BEGIN

lemma vpf_solutions_weighted_sum:
  assumes "x \<in> vpf_solutions cols b"
  shows "(\<Sum>c<length b. W c * b ! c) =
         (\<Sum>k<length cols. int (x ! k) * (\<Sum>c<length b. W c * cols ! k ! c))"
proof -
  have "(\<Sum>c<length b. W c * b ! c) =
        (\<Sum>c<length b. W c * (\<Sum>k<length cols. int (x ! k) * cols ! k ! c))"
    using assms by (simp add: vpf_solutions_def)
  also have "\<dots> = (\<Sum>k<length cols. int (x ! k) * (\<Sum>c<length b. W c * cols ! k ! c))"
    unfolding sum_distrib_left by (subst sum.swap) (simp add: algebra_simps)
  finally show ?thesis .
qed

lemma finite_vpf_solutions:
  assumes pointed: "\<forall>k<length cols. (\<Sum>c<length b. W c * cols ! k ! c) \<ge> 1"
  shows "finite (vpf_solutions cols b)"
proof -
  define B where "B = nat (\<Sum>c<length b. W c * b ! c)"
  have bound: "x ! k \<le> B" if x: "x \<in> vpf_solutions cols b" and k: "k < length cols" for x k
  proof -
    have "int (x ! k) \<le> int (x ! k) * (\<Sum>c<length b. W c * cols ! k ! c)"
      using pointed k by (simp add: mult_le_cancel_left1)
    also have "\<dots> \<le> (\<Sum>k<length cols. int (x ! k) * (\<Sum>c<length b. W c * cols ! k ! c))"
      using pointed k by (intro member_le_sum) (auto intro: order_trans[OF zero_le_one])
    also have "\<dots> = (\<Sum>c<length b. W c * b ! c)"
      using vpf_solutions_weighted_sum[OF x] by simp
    finally show ?thesis unfolding B_def by linarith
  qed
  have "vpf_solutions cols b \<subseteq> {x. set x \<subseteq> {0..B} \<and> length x = length cols}"
    using bound by (auto simp: vpf_solutions_def in_set_conv_nth)
  then show ?thesis
    by (rule finite_subset) (simp add: finite_lists_length_eq)
qed

lemma vpf_le_vpf_add_unit_column:
  assumes fin: "finite (vpf_solutions cols (b[c := b ! c + 1]))"
    and c: "c < length b" and k: "k < length cols"
    and unit: "\<forall>c'<length b. cols ! k ! c' = (if c' = c then 1 else 0)"
  shows "vpf cols b \<le> vpf cols (b[c := b ! c + 1])"
proof -
  let ?incr = "\<lambda>x::nat list. x[k := x ! k + 1]"
  have "?incr ` vpf_solutions cols b \<subseteq> vpf_solutions cols (b[c := b ! c + 1])"
  proof
    fix y assume "y \<in> ?incr ` vpf_solutions cols b"
    then obtain x where x: "x \<in> vpf_solutions cols b" and y: "y = ?incr x" by blast
    have len: "length x = length cols" using x by (simp add: vpf_solutions_def)
    have "(\<Sum>j<length cols. int (y ! j) * cols ! j ! c') = b[c := b ! c + 1] ! c'"
      if c': "c' < length b" for c'
    proof -
      have "(\<Sum>j<length cols. int (y ! j) * cols ! j ! c') =
            (\<Sum>j<length cols. int (x ! j) * cols ! j ! c' + (if j = k then cols ! j ! c' else 0))"
        by (rule sum.cong) (auto simp: y len nth_list_update algebra_simps)
      also have "\<dots> = (\<Sum>j<length cols. int (x ! j) * cols ! j ! c') + cols ! k ! c'"
        using k by (simp add: sum.distrib)
      also have "\<dots> = b ! c' + cols ! k ! c'"
        using x c' by (simp add: vpf_solutions_def)
      also have "\<dots> = b[c := b ! c + 1] ! c'"
        using unit c' c by (simp add: nth_list_update)
      finally show ?thesis .
    qed
    then show "y \<in> vpf_solutions cols (b[c := b ! c + 1])"
      using len by (simp add: vpf_solutions_def y)
  qed
  moreover have "inj ?incr"
  proof (rule injI)
    fix x x' :: "nat list" assume eq: "?incr x = ?incr x'"
    then have len: "length x = length x'" by (metis length_list_update)
    show "x = x'"
    proof (rule nth_equalityI)
      fix i assume "i < length x"
      have "?incr x ! i = ?incr x' ! i" using eq by simp
      then show "x ! i = x' ! i" using \<open>i < length x\<close> len by (cases "i = k") auto
    qed (rule len)
  qed
  ultimately show ?thesis
    unfolding vpf_eq_card by (intro card_inj_on_le[OF _ _ fin]) (auto intro: inj_on_subset)
qed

END

_EXERCISE_
For the material above, how many lines contain the word "lemma"? Only the number should be given.

_RESPONSE TO THIS TASK_
3